Deploy Multiple OpenClaw AI Assistants Cluster With Local GPU Running Qwen3.5 or DeepSeek-r1

Project Design Purpose : In this article, I will share the design and deployment of a distributed multiple OpenClaw AI assistants cluster connected to one or two locally hosted Large Language Models (LLMs) running on one GPU-enabled server or gaming laptop. Instead of relying on using the cloud-based AI APIs. I used the open-source models such as `Qwen 3.5` or `DeepSeek-R1` to provide inference services for multiple OpenClaw agents, so we can reduces cloud AI token costs and compare the performance of different LLM models.

In this AI Assistant Cluster System, the GPU server acts as the centralized AI reasoning engine, and the distributed agents (computers run OpenClaw communicate with the LLM server over the network) execute tasks, collect system information, and interact with the model for decision-making. This article covers the following three sections:

Setting up the open-source LLM model on a GPU server or gaming laptop/computer.
Configuring and exposing the LLM inference service so that it can be accessed by remote OpenClaw nodes.
Deploying OpenClaw agents on target computers or laptops and connecting them to the centralized LLM service.

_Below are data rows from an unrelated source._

(* Let $p$ be a prime, $e\ge1$, $G$ a finite abelian group of order $p^e$, and $q\neq p$ a prime. Let $S=\bigoplus_\rho S_\rho\subset\mathbf{Q}[G]$, $S_\rho\cong\mathbf{Z}[\omega_{k(\rho)}]$, be the integral closure of $\mathbf{Z}[G]$ in $\mathbf{Q}[G]$, the sum running over the chosen representatives $\rho$ of the equivalence classes of representations, and let $e_\rho\in S$ be the idempotent of the factor $S_\rho$. Let $\psi^\ell$ ($\ell$ a prime) denote the ring endomorphism of $\mathbf{Q}[G]$ with $\psi^\ell(g)=g^\ell$. Then $$\psi^p(e_\rho)=\sum_{\tau:\ \psi\tau=\rho}e_\tau\ \text{ if }\rho\neq1,\qquad \psi^p(e_1)=e_1+\sum_{\tau\neq1,\ \psi\tau=1}e_\tau,\qquad \psi^q(e_\rho)=e_\rho,$$ where the sums run over chosen representatives $\tau$.
   Context: A representation is a group homomorphism $\rho\colon G\to\mathbf{C}^*$; its level $k(\rho)$ is defined by $|\rho(G)|=p^{k(\rho)}$. Two representations are equivalent if they have the same kernel; $1$ is the trivial representation. For a representation $\tau$ of positive level, $\psi\tau$ is $x\mapsto\tau(x^p)$. A representative is chosen in each equivalence class so that, for chosen representatives $\tau,\rho$, if $\psi\tau$ is equivalent to $\rho$ then $\psi\tau=\rho$. $\omega_k=\exp(2\pi i/p^k)$. $\mathbf{Q}[G]\cong\bigoplus_\rho\mathbf{Q}(\omega_{k(\rho)})$ via the maps induced by the $\rho$, and $S_\rho$ is the preimage of $\mathbf{Z}[\omega_{k(\rho)}]$ in the corresponding factor. *)

theory Defs
  imports Complex_Main "HOL-Library.Function_Algebras" "HOL-Computational_Algebra.Primes"
begin

text \<open>The finite abelian group G is a finite type of class ab_group_add (written
additively). The group algebra Q[G] is represented by functions G -> rat
(coefficient of each group element).\<close>

definition gmul :: "nat \<Rightarrow> 'g::ab_group_add \<Rightarrow> 'g" where
  "gmul n x = (\<Sum>i<n. x)"   \<comment> \<open>the power x^n in multiplicative notation\<close>

definition is_rep :: "('g::ab_group_add \<Rightarrow> complex) \<Rightarrow> bool" where
  "is_rep \<rho> \<longleftrightarrow> (\<forall>x y. \<rho> (x + y) = \<rho> x * \<rho> y) \<and> (\<forall>x. \<rho> x \<noteq> 0)"

definition rep_ker :: "('g::ab_group_add \<Rightarrow> complex) \<Rightarrow> 'g set" where
  "rep_ker \<rho> = {x. \<rho> x = 1}"

definition rep_equiv :: "('g::ab_group_add \<Rightarrow> complex) \<Rightarrow> ('g \<Rightarrow> complex) \<Rightarrow> bool" where
  "rep_equiv \<rho> \<sigma> \<longleftrightarrow> rep_ker \<rho> = rep_ker \<sigma>"

definition triv_rep :: "'g \<Rightarrow> complex" where
  "triv_rep = (\<lambda>_. 1)"

definition psi_rep :: "nat \<Rightarrow> ('g::ab_group_add \<Rightarrow> complex) \<Rightarrow> ('g \<Rightarrow> complex)" where
  "psi_rep p \<tau> = (\<lambda>x. \<tau> (gmul p x))"

definition rep_ext :: "('g::{finite,ab_group_add} \<Rightarrow> complex) \<Rightarrow> ('g \<Rightarrow> rat) \<Rightarrow> complex" where
  "rep_ext \<rho> a = (\<Sum>g\<in>UNIV. of_rat (a g) * \<rho> g)"

definition psi_alg :: "nat \<Rightarrow> ('g::{finite,ab_group_add} \<Rightarrow> rat) \<Rightarrow> ('g \<Rightarrow> rat)" where
  "psi_alg l a = (\<lambda>h. \<Sum>g\<in>{g. gmul l g = h}. a g)"
(* Let $\Phi$ be a symbol of the form $\Phi(s)=c_0s+\phi(s)$ (with $c_0$ a non-negative integer and $\phi$ a convergent Dirichlet series) such that $D_\Phi f=f'\circ\Phi$ is a bounded operator on $\mathcal{H}^2$. Then $D_\Phi$ is self-adjoint on $\mathcal{H}^2$ if, and only if, $\Phi(s)=s+c_1$ for some real constant $c_1$.
   Context: $\mathcal{H}^2$ is the Hilbert space of Dirichlet series $f(s)=\sum_{n\ge1}a_nn^{-s}$ with $\|f\|_{\mathcal{H}^2}^2=\sum_n|a_n|^2<\infty$, with inner product $\langle f,g\rangle=\sum a_n\overline{b_n}$. *)

theory Defs
  imports "HOL-Analysis.Analysis"
begin

text \<open>A Dirichlet series sum_{n>=1} a_n n^{-s} is represented by its coefficient
  sequence a :: nat => complex; the coefficient a 0 plays no role
  (note 0 powr z = 0).\<close>

definition H2 :: "(nat \<Rightarrow> complex) set" where
  "H2 = {a. a 0 = 0 \<and> summable (\<lambda>n. (cmod (a n))\<^sup>2)}"

definition h2_norm :: "(nat \<Rightarrow> complex) \<Rightarrow> real" where
  "h2_norm a = sqrt (\<Sum>n. (cmod (a n))\<^sup>2)"

definition h2_inner :: "(nat \<Rightarrow> complex) \<Rightarrow> (nat \<Rightarrow> complex) \<Rightarrow> complex" where
  "h2_inner a b = (\<Sum>n. a n * cnj (b n))"

definition dir_series :: "(nat \<Rightarrow> complex) \<Rightarrow> complex \<Rightarrow> complex" where
  "dir_series a s = (\<Sum>n. a n * of_nat n powr (- s))"

definition convergent_dirichlet :: "(nat \<Rightarrow> complex) \<Rightarrow> bool" where
  "convergent_dirichlet b \<longleftrightarrow>
     (\<exists>\<sigma>::real. \<forall>s. Re s > \<sigma> \<longrightarrow> summable (\<lambda>n. b n * of_nat n powr (- s)))"

definition Phi :: "nat \<Rightarrow> (nat \<Rightarrow> complex) \<Rightarrow> complex \<Rightarrow> complex" where
  "Phi c0 b s = of_nat c0 * s + dir_series b s"

text \<open>g represents f' o Phi: they agree on some right half-plane
  (on which Phi takes values in the half-plane Re > 1/2 where f is defined).\<close>
definition represents_DPhi ::
  "(complex \<Rightarrow> complex) \<Rightarrow> (nat \<Rightarrow> complex) \<Rightarrow> (nat \<Rightarrow> complex) \<Rightarrow> bool" where
  "represents_DPhi \<Phi> f g \<longleftrightarrow>
     (\<exists>\<sigma>::real. \<forall>s. Re s > \<sigma> \<longrightarrow>
        Re (\<Phi> s) > 1/2 \<and> dir_series g s = deriv (dir_series f) (\<Phi> s))"

definition DPhi :: "(complex \<Rightarrow> complex) \<Rightarrow> (nat \<Rightarrow> complex) \<Rightarrow> (nat \<Rightarrow> complex)" where
  "DPhi \<Phi> f = (THE g. g \<in> H2 \<and> represents_DPhi \<Phi> f g)"

definition DPhi_bounded :: "(complex \<Rightarrow> complex) \<Rightarrow> bool" where
  "DPhi_bounded \<Phi> \<longleftrightarrow>
     (\<exists>C::real. \<forall>f\<in>H2. \<exists>g\<in>H2. represents_DPhi \<Phi> f g \<and> h2_norm g \<le> C * h2_norm f)"

definition DPhi_selfadjoint :: "(complex \<Rightarrow> complex) \<Rightarrow> bool" where
  "DPhi_selfadjoint \<Phi> \<longleftrightarrow>
     (\<forall>f\<in>H2. \<forall>g\<in>H2. h2_inner (DPhi \<Phi> f) g = h2_inner f (DPhi \<Phi> g))"

end

theory Submission
  imports Defs
begin

(* Test D_Phi against the basis vectors e_m = m^-s. The Dirichlet series of D_Phi e_m is
   -ln m * m^(-Phi(s)) = -ln m * m^(-c0 s) * m^(-phi(s)); since phi(s) tends to its first
   coefficient b_1 as s -> +infinity, the first nonzero coefficient of D_Phi e_m sits at index m^c0
   and equals -ln m * m^(-b_1). Self-adjointness makes the matrix <D_Phi e_m, e_k> Hermitian,
   which is incompatible with this triangular shape unless c0 = 1, and then forces it to be a real
   diagonal. Diagonality means m^(-phi(s)) = m^(-b_1) for all m; for m = 2, 3 this yields
   phi(s) = b_1 because ln 3 / ln 2 is irrational, and a real diagonal makes b_1 real.
   Conversely, for Phi(s) = s + c1 the operator multiplies the n-th coefficient by the real
   number -ln n * n^(-c1). *)

section \<open>Incommensurability of ln 2 and ln 3\<close>

lemma int_mult_ln3_eq_int_mult_ln2_imp_zero:
  fixes p q :: int
  assumes "of_int p * ln 3 = of_int q * ln (2::real)"
  shows "p = 0"
proof -
  define P Q where "P = nat \<bar>p\<bar>" and "Q = nat \<bar>q\<bar>"
  have PQ: "real P * ln 3 = real Q * ln 2"
    using arg_cong[OF assms, of abs] unfolding P_def Q_def by (simp add: abs_mult)
  have "Q = 0"
  proof (rule ccontr)
    assume "Q \<noteq> 0"
    have "ln ((3::real) ^ P) = ln (2 ^ Q)"
      using PQ by (simp add: ln_realpow)
    then have "(3::nat) ^ P = 2 ^ Q"
      by (metis ln_inj_iff of_nat_eq_iff of_nat_numeral of_nat_power zero_less_numeral zero_less_power)
    with \<open>Q \<noteq> 0\<close> have "even ((3::nat) ^ P)" by simp
    then show False by simp
  qed
  with PQ have "P = 0" by simp
  then show ?thesis unfolding P_def by simp
qed

lemma exp_ln2_ln3_eq_1_imp_zero:
  fixes w :: complex
  assumes "exp (w * of_real (ln 2)) = 1" and "exp (w * of_real (ln 3)) = 1"
  shows "w = 0"
proof -
  obtain p q :: int where p: "Im w * ln 2 = of_int (2 * p) * pi"
    and q: "Im w * ln 3 = of_int (2 * q) * pi" and re: "Re w * ln 2 = 0"
    using assms unfolding exp_eq_1 by auto
  have "of_int p * ln 3 * (2 * pi) = Im w * ln 2 * ln 3" using p by simp
  also have "\<dots> = Im w * ln 3 * ln 2" by (simp only: mult_ac)
  also have "\<dots> = of_int q * ln 2 * (2 * pi)" using q by simp
  finally have "of_int p * ln 3 = of_int q * ln (2::real)" by simp
  then have "p = 0" by (rule int_mult_ln3_eq_int_mult_ln2_imp_zero)
  with p re show ?thesis by (simp add: complex_eq_iff)
qed

section \<open>Dirichlet series with polynomially bounded coefficients\<close>

lemma of_nat_powr_of_real: "(of_nat n :: complex) powr of_real s = of_real (real n powr s)"
  using powr_of_real[of "real n" s] by simp

lemma norm_of_nat_powr: "norm ((of_nat n :: complex) powr z) = real n powr Re z"
  using norm_powr_real_powr[of "of_nat n" z] by simp

lemma powr_tendsto_0_at_top:
  fixes c :: real
  assumes "0 < c" "c < 1"
  shows "((\<lambda>s. c powr s) \<longlongrightarrow> 0) at_top"
  using assms by real_asymp

lemma dir_series_of_real: "dir_series a (of_real s) = (\<Sum>n. a n * of_real (real n powr (- s)))"
  unfolding dir_series_def by (metis of_nat_powr_of_real of_real_minus)

definition polynomially_bounded :: "(nat \<Rightarrow> complex) \<Rightarrow> bool" where
  "polynomially_bounded a \<longleftrightarrow> (\<exists>B \<alpha>. \<forall>n\<ge>1. norm (a n) \<le> B * real n powr \<alpha>)"
text \<open>Clearing the parity coordinate from the other rows with a row h0 containing it gives H
  with span H' = span H \<union> (h0 + span H); on words avoiding the parity coordinate this must agree
  with the decomposition of the dual of the extended code, so H is a parity-check matrix of C.\<close>

lemma is_pcm_of_extended_code:
  assumes C: "binary_linear_code n C" and H': "is_pcm (n+1) (extended_code n C) H'"
  obtains H where "is_pcm n C H" "length H' = length H + 1"
proof -
  let ?u = "{..<n+1}"
  obtain h0 xs ys where h0: "n \<in> h0" "h0 \<subseteq> ?u" and H'_eq: "H' = xs @ h0 # ys"
    using is_pcm_extended_code_obtain_parity_row[OF C H'] H' unfolding is_pcm_def
    by (metis split_list)
  define f where "f h = (if n \<in> h then sym_diff h h0 else h)" for h
  define H where "H = map f (xs @ ys)"
  have rows: "\<forall>g\<in>set H. g \<subseteq> {..<n}"
  proof
    fix g assume "g \<in> set H"
    then obtain h where h: "h \<in> set (xs @ ys)" "g = f h" unfolding H_def by auto
    then have "h \<subseteq> ?u" using H' unfolding is_pcm_def H'_eq by auto
    with h(2) h0 show "g \<subseteq> {..<n}" unfolding f_def by (auto simp: less_Suc_eq)
  qed
  have "\<forall>h\<in>set (xs @ ys). f h = h \<or> f h = sym_diff h h0" unfolding f_def by simp
  then have "gf2_span (h0 # H) = gf2_span (h0 # xs @ ys)" unfolding H_def by (rule gf2_span_add_row)
  moreover have "gf2_span H' = gf2_span (h0 # xs @ ys)" unfolding H'_eq by (rule gf2_span_set_eq) auto
  ultimately have "gf2_span H' = gf2_span (h0 # H)" by simp
  then have "dual_code n C \<union> sym_diff ?u ` dual_code n C = gf2_span H \<union> sym_diff h0 ` gf2_span H"
    using H' dual_extended_code[OF C] gf2_span_Cons unfolding is_pcm_def by simp
  moreover have "\<forall>y\<in>dual_code n C \<union> gf2_span H. n \<notin> y"
    "\<forall>y\<in>dual_code n C. n \<in> sym_diff ?u y" "\<forall>z\<in>gf2_span H. n \<in> sym_diff h0 z"
    using gf2_span_subset_Pow[OF rows] h0(1) unfolding dual_code_def by auto
  ultimately have "dual_code n C = gf2_span H" by (rule Un_image_eq_imp_eq)
  with rows have "is_pcm n C H" unfolding is_pcm_def by blast
  moreover have "length H' = length H + 1" unfolding H_def H'_eq by simp
  ultimately show ?thesis by (rule that)
qed

lemma redundancy_extended_code:
  assumes C: "binary_linear_code n C"
  shows "redundancy (n+1) (extended_code n C) = redundancy n C + 1"
proof (rule antisym)
  obtain H where H: "is_pcm n C H" "length H = redundancy n C" using redundancy_attained[OF C] .
  have "redundancy (n+1) (extended_code n C) \<le> length (H @ [{..<n+1}])"
    by (rule redundancy_le[OF is_pcm_extended_code_append[OF C H(1)]])
  with H(2) show "redundancy (n+1) (extended_code n C) \<le> redundancy n C + 1" by simp
next
  obtain H' where H': "is_pcm (n+1) (extended_code n C) H'"
      "length H' = redundancy (n+1) (extended_code n C)"
    using redundancy_attained[OF binary_linear_code_extended_code[OF C]] .
  obtain H where "is_pcm n C H" "length H' = length H + 1"
    using is_pcm_of_extended_code[OF C H'(1)] .
  with H'(2) show "redundancy n C + 1 \<le> redundancy (n+1) (extended_code n C)"
    using redundancy_le[of n C H] by simp
qed
(* Let $0<\epsilon<1/2$, let $C=1-h(\epsilon)$ with $h(\epsilon)=-\epsilon\log_2\epsilon-(1-\epsilon)\log_2(1-\epsilon)$, let $0<R<C$ and $0<\rho<1$ be fixed, and set $k=k(n)=\lfloor Rn\rfloor$. If $\mathbf{A}$ is a random $n\times k$ binary matrix with the Bernoulli$(n,k,\rho)$ distribution, then \[ \lim_{n\to\infty}\mathbb{E}_{\mathbf{A}}\big(p_c(\mathbf{A})\big)=1 . \]
   Context: All arithmetic on binary vectors and matrices is in $\mathrm{GF}(2)$. A binary linear code with generating matrix $\mathbf{A}\in\{0,1\}^{n\times k}$ encodes a message $X\in\{0,1\}^k$ as $\mathbf{A}X\in\{0,1\}^n$. Over the binary symmetric channel (BSC) with cross-over probability $\epsilon$, the channel output is $Y=\mathbf{A}X+N$, where $X$ is uniformly distributed on $\{0,1\}^k$ and $N\in\{0,1\}^n$ has i.i.d. Bernoulli$(\epsilon)$ entries, independent of $X$. The decoder, on receiving $Y=y$, outputs a random estimate $\hat X$ drawn from the posterior distribution $\mathbb{P}(X=\cdot\mid Y=y)$. Its probability of correct detection is $p_c(\mathbf{A})=\mathbb{E}_{X,Y}\big[\mathbb{P}(X\mid Y)\big]$, and $p_e(\mathbf{A})=1-p_c(\mathbf{A})$. The Bernoulli$(n,k,\rho)$ distribution on the set $\mathcal{A}_{n\times k}$ of binary $n\times k$ matrices is the one in which all entries are i.i.d. Bernoulli$(\rho)$. *)

theory Defs
  imports Complex_Main
begin

text \<open>Binary vectors of length m are modelled as functions nat => bool vanishing
  outside {0..<m}; binary n x k matrices as nat => nat => bool vanishing outside
  {0..<n} x {0..<k}. True = 1, False = 0. Arithmetic is in GF(2).\<close>

definition bvecs :: "nat \<Rightarrow> (nat \<Rightarrow> bool) set" where
  "bvecs m = {x. \<forall>i. m \<le> i \<longrightarrow> x i = False}"

definition bmats :: "nat \<Rightarrow> nat \<Rightarrow> (nat \<Rightarrow> nat \<Rightarrow> bool) set" where
  "bmats n k = {A. \<forall>i j. (n \<le> i \<or> k \<le> j) \<longrightarrow> A i j = False}"

definition encode :: "nat \<Rightarrow> nat \<Rightarrow> (nat \<Rightarrow> nat \<Rightarrow> bool) \<Rightarrow> (nat \<Rightarrow> bool) \<Rightarrow> (nat \<Rightarrow> bool)" where
  "encode n k A x = (\<lambda>i. i < n \<and> odd (card {j. j < k \<and> A i j \<and> x j}))"

definition hdist :: "nat \<Rightarrow> (nat \<Rightarrow> bool) \<Rightarrow> (nat \<Rightarrow> bool) \<Rightarrow> nat" where
  "hdist n u v = card {i. i < n \<and> u i \<noteq> v i}"

text \<open>BSC transition probability P(Y = y | X = x) = P(N = y + A x).\<close>
definition bsc_lik :: "real \<Rightarrow> nat \<Rightarrow> nat \<Rightarrow> (nat \<Rightarrow> nat \<Rightarrow> bool) \<Rightarrow> (nat \<Rightarrow> bool) \<Rightarrow> (nat \<Rightarrow> bool) \<Rightarrow> real" where
  "bsc_lik \<epsilon> n k A x y = \<epsilon> ^ hdist n y (encode n k A x) * (1 - \<epsilon>) ^ (n - hdist n y (encode n k A x))"

text \<open>Joint law P(X = x, Y = y) with X uniform on {0,1}^k.\<close>
definition joint :: "real \<Rightarrow> nat \<Rightarrow> nat \<Rightarrow> (nat \<Rightarrow> nat \<Rightarrow> bool) \<Rightarrow> (nat \<Rightarrow> bool) \<Rightarrow> (nat \<Rightarrow> bool) \<Rightarrow> real" where
  "joint \<epsilon> n k A x y = bsc_lik \<epsilon> n k A x y / 2 ^ k"

definition out_prob :: "real \<Rightarrow> nat \<Rightarrow> nat \<Rightarrow> (nat \<Rightarrow> nat \<Rightarrow> bool) \<Rightarrow> (nat \<Rightarrow> bool) \<Rightarrow> real" where
  "out_prob \<epsilon> n k A y = (\<Sum>x\<in>bvecs k. joint \<epsilon> n k A x y)"

definition posterior :: "real \<Rightarrow> nat \<Rightarrow> nat \<Rightarrow> (nat \<Rightarrow> nat \<Rightarrow> bool) \<Rightarrow> (nat \<Rightarrow> bool) \<Rightarrow> (nat \<Rightarrow> bool) \<Rightarrow> real" where
  "posterior \<epsilon> n k A x y = joint \<epsilon> n k A x y / out_prob \<epsilon> n k A y"

text \<open>p_c(A) = E_{X,Y}[P(X | Y)].\<close>
definition p_c :: "real \<Rightarrow> nat \<Rightarrow> nat \<Rightarrow> (nat \<Rightarrow> nat \<Rightarrow> bool) \<Rightarrow> real" where
  "p_c \<epsilon> n k A = (\<Sum>x\<in>bvecs k. \<Sum>y\<in>bvecs n. joint \<epsilon> n k A x y * posterior \<epsilon> n k A x y)"

definition bern_mat :: "real \<Rightarrow> nat \<Rightarrow> nat \<Rightarrow> (nat \<Rightarrow> nat \<Rightarrow> bool) \<Rightarrow> real" where
  "bern_mat \<rho> n k A = (let w = card {(i, j). i < n \<and> j < k \<and> A i j} in \<rho> ^ w * (1 - \<rho>) ^ (n * k - w))"

definition expected_pc :: "real \<Rightarrow> real \<Rightarrow> nat \<Rightarrow> nat \<Rightarrow> real" where
  "expected_pc \<rho> \<epsilon> n k = (\<Sum>A\<in>bmats n k. bern_mat \<rho> n k A * p_c \<epsilon> n k A)"

definition bin_entropy :: "real \<Rightarrow> real" where
  "bin_entropy e = - e * log 2 e - (1 - e) * log 2 (1 - e)"

end

theory Submission
  imports Defs "HOL-Analysis.Convex" "HOL-Real_Asymp.Real_Asymp"
begin

(* 1. Translation symmetry: decoding is invariant under adding a codeword, so
      1 - p_c(A) equals the error functional zero_error A of the all-zero
      codeword, sum_u W(u|0) (O(u) - W(u|0)) / O(u) with O(u) = sum_z W(u|Az).
   2. The nonzero messages z are split by Hamming weight into light (< W) and
      heavy (>= W) ones; the elementary inequality
      L(a + b)/(L + a + b) <= sqrt(L a) + L^(1-l) b^l separates the two.
   3. Rows of A are independent and row.z is odd with probability
      q(z) = (1 - (1 - 2 rho)^wt(z)) / 2.  Light words: the Bhattacharyya
      bound gives (1 - q(z)(1 - B))^n with B = 2 sqrt(eps(1 - eps)) < 1, and
      there are only polynomially many of them.  Heavy words: q(z) ~ 1/2, and
      Jensen's inequality gives Gallager's bound M(l)^n (2^k (1/2 + eta)^n)^l,
      exponentially small for small l > 0 because R < 1 - h(eps).
   4. Choosing l, eta and W suitably, both terms tend to zero. *)

section \<open>Finite product spaces of words\<close>

text \<open>Words of length m over an alphabet V, padded with the default symbol d;
  both binary vectors and binary matrices (as words of rows) are instances.\<close>
definition words :: "nat \<Rightarrow> 'a set \<Rightarrow> 'a \<Rightarrow> (nat \<Rightarrow> 'a) set" where
  "words m V d = {x. (\<forall>i<m. x i \<in> V) \<and> (\<forall>i. m \<le> i \<longrightarrow> x i = d)}"
lemma mulv_right_inverse:
  assumes B: "\<forall>i<p. \<forall>k<p. mulv {..<p} A (\<lambda>j. B j k) i = (if i = k then 1 else 0)"
    and "i < p"
  shows "mulv {..<p} A (mulv {..<p} B x) i = x i"
proof -
  have "mulv {..<p} A (mulv {..<p} B x) i = (\<Sum>k<p. mulv {..<p} A (\<lambda>j. B j k) i * x k)"
    unfolding mulv_def sum_distrib_left sum_distrib_right
    by (subst sum.swap) (simp add: mult.assoc)
  also have "\<dots> = (\<Sum>k<p. if i = k then x k else 0)"
    using B \<open>i < p\<close> by (intro sum.cong) auto
  also have "\<dots> = x i"
    using \<open>i < p\<close> by simp
  finally show ?thesis .
qed

lemma coercive_if_psd_injective:
  assumes sym: "symmetric_mat p A" and psd: "\<And>x. 0 \<le> bilin {..<p} A x x"
    and inj: "\<And>v. \<forall>i<p. mulv {..<p} A v i = 0 \<Longrightarrow> \<forall>i<p. v i = 0"
  shows "\<exists>\<epsilon>>0. \<forall>x. \<epsilon> * sqnorm {..<p} x \<le> bilin {..<p} A x x"
proof -
  have symK: "A i j = A j i" if "i \<in> {..<p}" "j \<in> {..<p}" for i j
    using sym that unfolding symmetric_mat_def by auto
  obtain B where B: "\<forall>i<p. \<forall>k<p. mulv {..<p} A (\<lambda>j. B j k) i = (if i = k then 1 else 0)"
    using right_inverse_if_injective inj by blast
  define L where "L = (\<Sum>i<p. \<Sum>j<p. \<bar>B i j\<bar>)"
  define \<epsilon> where "\<epsilon> = 1 / (L + 1)"
  have "0 \<le> L"
    unfolding L_def by (simp add: sum_nonneg)
  then have \<epsilon>: "0 < \<epsilon>" "\<epsilon> * L \<le> 1"
    unfolding \<epsilon>_def by (auto simp: field_simps)
  have "\<epsilon> * sqnorm {..<p} x \<le> bilin {..<p} A x x" for x
  proof -
    define y where "y = mulv {..<p} B x"
    have Ay: "mulv {..<p} A y i = x i" if "i < p" for i
      unfolding y_def using mulv_right_inverse[OF B that] .
    have xy: "bilin {..<p} A x y = sqnorm {..<p} x"
      unfolding bilin_def sqnorm_def by (simp add: Ay power2_eq_square)
    have "bilin {..<p} A y y = (\<Sum>i<p. y i * x i)"
      unfolding bilin_def by (intro sum.cong) (simp_all add: Ay)
    also have "\<dots> = bilin {..<p} B x x"
      unfolding bilin_def y_def by (simp add: mult.commute)
    also have "\<dots> \<le> L * sqnorm {..<p} x"
      using abs_bilin_le[of "{..<p}" B x] unfolding L_def by simp
    finally have "\<epsilon>\<^sup>2 * bilin {..<p} A y y \<le> \<epsilon> * (\<epsilon> * L) * sqnorm {..<p} x"
      using mult_left_mono[of _ _ "\<epsilon>\<^sup>2"] by (simp add: power2_eq_square mult.assoc)
    also have "\<dots> \<le> \<epsilon> * 1 * sqnorm {..<p} x"
      using \<epsilon> sqnorm_nonneg by (intro mult_right_mono mult_left_mono) auto
    finally have yy: "\<epsilon>\<^sup>2 * bilin {..<p} A y y \<le> \<epsilon> * sqnorm {..<p} x"
      by simp
    have "0 \<le> bilin {..<p} A (\<lambda>i. x i + (- \<epsilon>) * y i) (\<lambda>i. x i + (- \<epsilon>) * y i)"
      by (rule psd)
    also have "\<dots> = bilin {..<p} A x x - 2 * \<epsilon> * sqnorm {..<p} x + \<epsilon>\<^sup>2 * bilin {..<p} A y y"
      using bilin_add_smult[of "{..<p}" A, OF symK, of x "- \<epsilon>" y] xy by simp
    finally show ?thesis
      using yy by simp
  qed
  with \<epsilon> show ?thesis
    by blast
qed

lemma mulv_shift:
  assumes "finite K" "i \<in> K"
  shows "mulv K (\<lambda>i j. A i j - (if i = j then m else 0)) v i = mulv K A v i - m * v i"
proof -
  have "mulv K (\<lambda>i j. A i j - (if i = j then m else 0)) v i
        = mulv K A v i - (\<Sum>j\<in>K. if i = j then m * v j else 0)"
    unfolding mulv_def by (subst sum_subtractf[symmetric]) (auto intro!: sum.cong simp: algebra_simps)
  then show ?thesis
    using assms by simp
qed

lemma bilin_shift:
  "finite K \<Longrightarrow> bilin K (\<lambda>i j. A i j - (if i = j then m else 0)) x x = bilin K A x x - m * sqnorm K x"
  unfolding bilin_def sqnorm_def
  by (simp add: mulv_shift right_diff_distrib sum_subtractf sum_distrib_left power2_eq_square
      mult.left_commute)

lemma injective_shift_if_not_eigenvalue:
  assumes "\<not> is_eigenvalue p A m"
    and "\<forall>i<p. mulv {..<p} (\<lambda>i j. A i j - (if i = j then m else 0)) v i = 0"
  shows "\<forall>i<p. v i = 0"
proof (rule ccontr)
  assume nonzero: "\<not> (\<forall>i<p. v i = 0)"
  define v' where "v' = (\<lambda>i. if i < p then v i else 0)"
  have "(\<Sum>j<p. A i j * v' j) = mulv {..<p} A v i" for i
    unfolding v'_def mulv_def by (rule sum.cong) auto
  then have "is_eigenvalue p A m"
    unfolding is_eigenvalue_def using nonzero assms(2)
    by (intro exI[of _ v']) (auto simp: v'_def mulv_shift)
  with assms(1) show False ..
qed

# Author:      Yuancheng Liu
# Created:     2026/03/10
# Version:     v_0.0.2
# Copyright:   Copyright (c) 2026 LiuYuancheng
# License:     MIT License

1. Introduction

In this project, the design of "OpenClaw-cluster" separates LLM inference services from agent execution nodes. A GPU-enabled server or gaming laptop inside the internal network hosts the LLM models through `Ollama` framework, which provides a lightweight local API service for running open-source models. So multiple computers or laptops running OpenClaw agents connect to this centralized LLM service to perform reasoning and task execution.

1.1 Abstract and Background

Over the past month, the personal AI assistant [OpenClaw](https://openclaw.ai/) has rapidly become one of the most discussed open-source AI projects. Its rapid rise in popularity has led to a wave of new services and businesses around the ecosystem. For example in China, many individuals and organizations now offer installation/uninstallation services, remote deployment support, and children training courses on how to use OpenClaw effectively. Some companies even market “all-in-one OpenClaw machines/Laptop” preinstalled with OpenClaw and local large language models. And the major technology companies such as Tencent has also begun offering related OpenClaw deployment services:

One of the key reasons behind the rapid adoption of OpenClaw is its "skills" based architecture, which enables the agent to call multiple tools and reasoning steps dynamically when executing tasks. While this design significantly enhances the intelligence and automation capability of the AI assistant, it also dramatically increases the number of LLM API calls. As a result, token consumption can be tens or even hundreds of times higher than that of traditional single-prompt AI agents. If you don't need to do complex tasks and have a GPU server or station such as Nvidia GB10 Spark or a gaming laptop with RTX-series 40-50XX graphics cards, you can link your OpenClaw to the open source LLM like Qwen 3.5 or DeepSeek‑R1 running on these local machine to save the costs especially when you have several OpenClaw Agents running on different device.

1.2 System Architecture

The overall system follows a distributed agent + centralized inference architecture as shown below diagram. so it allows a single GPU server to support multiple OpenClaw agents simultaneously, forming a lightweight AI agent cluster while keeping hardware and cloud costs low.

The Architecture includes four layers:

LLM Host Layer : A GPU server or AI/gaming laptop hosts open-source LLM models through Ollama.
Network Access Layer : Secure access is provided via SSH port forwarding through routers, gateways, or jump hosts.
Agent Layer : Multiple OpenClaw agents run on user laptops or computers and send LLM requests through the forwarded port.
User Interaction Layer : Users interact with the agents through their local system or messaging platforms such as mobile applications.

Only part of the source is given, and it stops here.